It always brought me thinking that
it is a White person's game,
which is not necessarily true,
but that's what I thought.
And they started a little league in
south San Gabriel, where we were living,
and they didn't like Mexicans very much.
I remember one time I made the mistake
of crossing the baseball field,
and they were chasing me with bats
and sticks and whatever they had,
just to clear up all the Mexicans
from the area.
It was a time of a lot of turmoil,
in the late '50s, early '60s.
I co-founded the United Farm Workers
with Cesar Chavez,
and conducted the great boycotts that
we had to get major legislation passed,
because at that time,
the doors were pretty much shut.
-Chicano.
-Power.
-Chicano.
-Power.
[Dolores]
The farm workers movement In the '60s
inspired the Chicano Movement
in the cities
with the students, then had their walkouts
because they wanted to improve
the curriculums.
They wanted to get more respect
In terms of the school systems.
[Luis] We were really relegated
to a marginalized position
as far as Mexicans go.
No history books, no TV shows,
nothing that could, you know,
show that we were there.
And we were the Chicano Movement,
that was the Mexican-Americans born here
in the United States.
That was all about
speaking up for ourselves because
nobody took us seriously at the time.
We have such troubles...
 
projecting to the majority society,
through the press,
because, you know, they don't understand.

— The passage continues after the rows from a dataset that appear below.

subsection \<open>A bisimulation yields a winning strategy\<close>

text \<open>Answering a silent step by internal steps of t (rather than by t itself) makes the largest
  such relation closed under stuttering, see lax_bisimilar_stutter.\<close>

definition lax_transfer :: "('s \<Rightarrow> 's \<Rightarrow> bool) \<Rightarrow> 's \<Rightarrow> 's \<Rightarrow> 'a \<Rightarrow> 's \<Rightarrow> bool" where
  "lax_transfer R s t a s' \<longleftrightarrow>
     (a = tau \<and> (\<exists>t'. tau_steps tr tau t t' \<and> R s t' \<and> R s' t')) \<or>
     (\<exists>t1 t2. gsteps tr tau x R s t t1 \<and> tr t1 a t2 \<and> settles R s' t2)"

definition lax_bisim :: "('s \<Rightarrow> 's \<Rightarrow> bool) \<Rightarrow> bool" where
  "lax_bisim R \<longleftrightarrow>
     symp R \<and> (\<forall>s t a s'. R s t \<and> tr s a s' \<longrightarrow> lax_transfer R s t a s') \<and> explicit_divergence R"

definition lax_bisimilar :: "'s \<Rightarrow> 's \<Rightarrow> bool" where
  "lax_bisimilar s t \<longleftrightarrow> (\<exists>R. lax_bisim R \<and> R s t)"

lemma lax_transferE:
  assumes "lax_transfer R s t a s'"
  obtains (silent) t' where "a = tau" "tau_steps tr tau t t'" "R s t'" "R s' t'"
  | (visible) t1 t2 where "gsteps tr tau x R s t t1" "tr t1 a t2" "settles R s' t2"
  using assms unfolding lax_transfer_def by (elim disjE exE conjE) (metis that)+

lemma lax_transfer_visibleI:
  "gsteps tr tau x R s t t1 \<Longrightarrow> tr t1 a t2 \<Longrightarrow> settles R s' t2 \<Longrightarrow> lax_transfer R s t a s'"
  unfolding lax_transfer_def by blast

lemma transfer_imp_lax_transfer:
  assumes "R s t" and "transfer R s t a s'"
  shows "lax_transfer R s t a s'"
  using assms(2)
proof (cases rule: transferE)
  case silent
  then show ?thesis unfolding lax_transfer_def using assms(1) tau_steps_refl[of tr tau t] by blast
qed (rule lax_transfer_visibleI)

lemma generic_bisim_ed_imp_lax_bisim: "generic_bisim_ed tr tau x y R \<Longrightarrow> lax_bisim R"
  unfolding generic_bisim_ed_iff lax_bisim_def using transfer_imp_lax_transfer by blast

lemma lax_transfer_mono:
  assumes "lax_transfer R s t a s'" and le: "R \<le> R'"
  shows "lax_transfer R' s t a s'"
  using assms(1)
proof (cases rule: lax_transferE)
  case (silent t')
  then show ?thesis unfolding lax_transfer_def using le by blast
next
  case (visible t1 t2)
  obtain t' where "gsteps tr tau y R s' t2 t'" "R s' t'" using visible(3) unfolding settles_def by blast
  then have "settles R' s' t2" unfolding settles_def using gsteps_mono[of tr tau y R, OF _ le] le by blast
  with gsteps_mono[OF visible(1) le] visible(2) show ?thesis by (rule lax_transfer_visibleI)
qed

lemma lax_transfer_tau_steps_pre:
  assumes steps: "tau_steps tr tau t t0" and Bm: "x = Bm \<Longrightarrow> R s t"
    and "lax_transfer R s t0 a s'"
  shows "lax_transfer R s t a s'"
  using \<open>lax_transfer R s t0 a s'\<close>
proof (cases rule: lax_transferE)
  case (silent t')
  then show ?thesis unfolding lax_transfer_def using tau_steps_trans[OF steps] by blast
next
  case (visible t1 t2)
  have "gsteps tr tau x R s t t1" using gsteps_tau_steps_pre[OF steps Bm visible(1)] .
  then show ?thesis using visible(2,3) by (rule lax_transfer_visibleI)
qed

lemma lax_bisim_le: "lax_bisim R \<Longrightarrow> R s t \<Longrightarrow> lax_bisimilar s t"
  unfolding lax_bisimilar_def by blast

lemma lax_bisimilar_sym:
  assumes "lax_bisimilar s t"
  shows "lax_bisimilar t s"
proof -
  obtain R where "lax_bisim R" "R s t" using assms unfolding lax_bisimilar_def by blast
  then have "R t s" unfolding lax_bisim_def by (blast dest: sympD)
  with \<open>lax_bisim R\<close> show ?thesis by (rule lax_bisim_le)
qed

lemma lax_bisimilar_transfer:
  assumes "lax_bisimilar s t" and "tr s a s'"
  shows "lax_transfer lax_bisimilar s t a s'"
proof -
  obtain R where R: "lax_bisim R" "R s t" using assms(1) unfolding lax_bisimilar_def by blast
  then have "lax_transfer R s t a s'" using assms(2) unfolding lax_bisim_def by blast
  moreover have "R \<le> lax_bisimilar" using lax_bisim_le[OF R(1)] by blast
  ultimately show ?thesis by (rule lax_transfer_mono)
qed

lemma lax_bisimilar_divergence: "explicit_divergence lax_bisimilar"
  unfolding explicit_divergence_def lax_bisimilar_def lax_bisim_def by blast

lemma lax_bisimilar_tau_steps_match:
  assumes "tau_steps tr tau q w" and "lax_bisimilar q s"
  shows "\<exists>s'. tau_steps tr tau s s' \<and> lax_bisimilar w s'"
  using assms(1)
proof (induction rule: tau_steps_induct)
  case refl
  then show ?case using assms(2) tau_steps_refl[of tr tau s] by blast
next
  case (step m m')
  then obtain sm where sm: "tau_steps tr tau s sm" "lax_bisimilar m sm" by blast
  from lax_bisimilar_transfer[OF sm(2) step(2)] show ?case
  proof (cases rule: lax_transferE)
    case (silent t')
    then show ?thesis using tau_steps_trans[OF sm(1)] by blast
  next
    case (visible t1 t2)
    obtain t' where "tau_steps tr tau t2 t'" "lax_bisimilar m' t'"
      using settles_imp_tau_steps[OF visible(3)] by blast
    moreover have "tau_steps tr tau sm t2"
      using tau_steps_trans[OF gsteps_imp_tau_steps[OF visible(1)] tau_step_imp_tau_steps[of tr, OF visible(2)]] .
    ultimately show ?thesis using sm(1) tau_steps_trans by metis
  qed
qed
lemma ex_recovery_set_containing:
  assumes "simplex_generator n g" "l < n"
  shows "\<exists>R\<in>recovery_sets n g i. l \<in> R"
proof (cases "g l = axis i 1")
  case True
  with assms(2) have "{l} \<in> recovery_sets n g i"
    by (auto simp: recovery_sets_def)
  then show ?thesis
    by blast
next
  case False
  have "g l + axis i 1 \<noteq> 0"
  proof
    assume "g l + axis i 1 = 0"
    then have "axis i 1 = g l"
      by (simp add: bit_vec_add_eq_iff)
    with False show False
      by simp
  qed
  then have "g l + axis i 1 \<in> g ` {..<n}"
    by (rule simplex_generatorD(3) [OF assms(1)])
  then obtain m where m: "m < n" "g m = g l + axis i 1"
    by (metis imageE lessThan_iff)
  then have "m \<noteq> l" "g l + g m = axis i 1"
    by auto
  have "{l, m} \<in> recovery_sets n g i"
    unfolding recovery_sets_def
    by (rule UnI2, rule CollectI, rule exI [of _ l], rule exI [of _ m])
      (use assms(2) m \<open>m \<noteq> l\<close> \<open>g l + g m = axis i 1\<close> in simp)
  then show ?thesis
    by (rule bexI [rotated]) simp
qed
theorem theorem4:
  fixes sc :: "complex \<Rightarrow> 'v::ab_group_add \<Rightarrow> 'v"
    and op :: "mode \<Rightarrow> int \<Rightarrow> 'v \<Rightarrow> 'v"
    and vac :: 'v
    and Lhat :: "'v \<Rightarrow> 'v"
    and p pphi :: complex
    and r s :: int
  assumes fock: "is_fock_space sc op vac Lhat"
    and rs: "r \<noteq> 0" "s \<noteq> 0"
    and Pr: "Pp p pphi r = 0"
    and Ps: "Pm p pphi s = 0"
  defines "K \<equiv> kerL0 sc Lhat p pphi"
    and "d \<equiv> d0 sc op p pphi"
  shows
    "(r * s < 0 \<longrightarrow> (\<forall>v \<in> K. d v = 0 \<longrightarrow> (\<exists>w \<in> K. v = d w)))
   \<and> (r < 0 \<and> s < 0 \<longrightarrow>
       (let ms1 = replicate (nat (-s)) (Am, r);
            ms2 = (Bt, r) # replicate (nat (-s - 1)) (Am, r);
            S1 = mono op vac ms1; S2 = mono op vac ms2
        in mono_ghost ms1 = 0 \<and> mono_ghost ms2 = -1
         \<and> S1 \<in> K \<and> S2 \<in> K \<and> d S1 = 0 \<and> d S2 = 0
         \<and> (\<forall>v \<in> K. d v = 0 \<longrightarrow>
              (\<exists>a b. \<exists>w \<in> K. v = sc a S1 + sc b S2 + d w))))
   \<and> (r > 0 \<and> s > 0 \<longrightarrow>
       (let ms1 = replicate (nat s) (Ap, -r);
            ms2 = (Cg, -r) # replicate (nat (s - 1)) (Ap, -r);
            S1 = mono op vac ms1; S2 = mono op vac ms2
        in mono_ghost ms1 = 0 \<and> mono_ghost ms2 = 1
         \<and> S1 \<in> K \<and> S2 \<in> K \<and> d S1 = 0 \<and> d S2 = 0
         \<and> (\<forall>v \<in> K. d v = 0 \<longrightarrow>
              (\<exists>a b. \<exists>w \<in> K. v = sc a S1 + sc b S2 + d w))))"
proof -
  interpret fock_momenta sc op vac Lhat p pphi r s
    using fock Pr Ps by (simp add: fock_momenta_def fock_momenta_axioms_def fock_space_def)
  have "r * s < 0 \<longrightarrow> (\<forall>v \<in> K. d v = 0 \<longrightarrow> (\<exists>w \<in> K. v = d w))"
  proof (intro impI ballI)
    fix v assume "r * s < 0" "v \<in> K"
    then have "v = 0"
      using Lhat_eigenvector_negative_eq_0[of v "r * s"] by (simp add: K_def kerL0_iff)
    moreover have "0 \<in> K" "d 0 = 0"
      by (simp_all add: K_def kerL0_iff d_def d0_def d0_term_def)
    ultimately show "\<exists>w \<in> K. v = d w"
      by metis
  qed
  moreover have negative_level: "fock_positive_level sc op vac Lhat p pphi r s" if "r < 0" "s < 0"
    using that by unfold_locales (simp add: mult_neg_neg)
  moreover have positive_level: "fock_positive_level sc op vac Lhat p pphi r s" if "0 < r" "0 < s"
    using that by unfold_locales simp
  ultimately show ?thesis
    using fock_positive_level.cohomology_basis[OF negative_level]
      fock_positive_level.cohomology_basis[OF positive_level]
    by (simp add: Let_def K_def d_def fock_positive_level.ms1_def[OF negative_level]
        fock_positive_level.ms2_def[OF negative_level] fock_positive_level.ms1_def[OF positive_level]
        fock_positive_level.ms2_def[OF positive_level])
qed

Chicano things don't seem to be news.
[indistinct Spanish song playing]
We had a peaceful,
organized demonstration.
We had notified the sheriffs beforehand of
how we had the demonstration arranged.
I looked up,
and all of a sudden, you know,
there was a whole line of gestapo-like,
helmeted people wielding their clubs.
And there was a panic.
-[siren wailing]
-[shots firing]
[Dolores] It was a movement
that was-- that was blossoming.
Of course, when the Chicano Moratorium
happened in Los Angeles
and people were killed,
then that put a real big damper
on the movement.
People were a little hesitant.
"Okay, which way-- Which way do we go now?
You know, "What do we do now?"
[Samuel] Walter O'Malley was fully aware
of the Spanish-language population
in southern California.
[Mark] He knew, with the demographics,
that if they could just find one gem
from Mexico,
they could tap into that entire market.
[Al] Mr. Walter O'Malley, he would say,
"Al, do you think it's possible
that we might get a good Mexican player?
There are a lot of
Hispanic-speaking people here,
and it would be a help to have somebody
of their own playing on our ball club."
[Bobby] Walter did in fact say,
"With Branch Rickey at the helm,
We got Jackie Robinson,
and we broke the color line."
His ideas were always expansive.
And one of his ideas was that
there had to more international expansion.
[in Spanish]
They might have been looking forever,
but Fernando kind of fell on their lap.
[Steve] Mike Brito,
who was the scout for the Dodgers,
went down to the sticks in Mexico.
He was trying to find a shortstop.
And while he was scouting the shortstop,
he notices that this teenager
is striking out everybody on the team.
[Mike] I didn't like the shortstop at all.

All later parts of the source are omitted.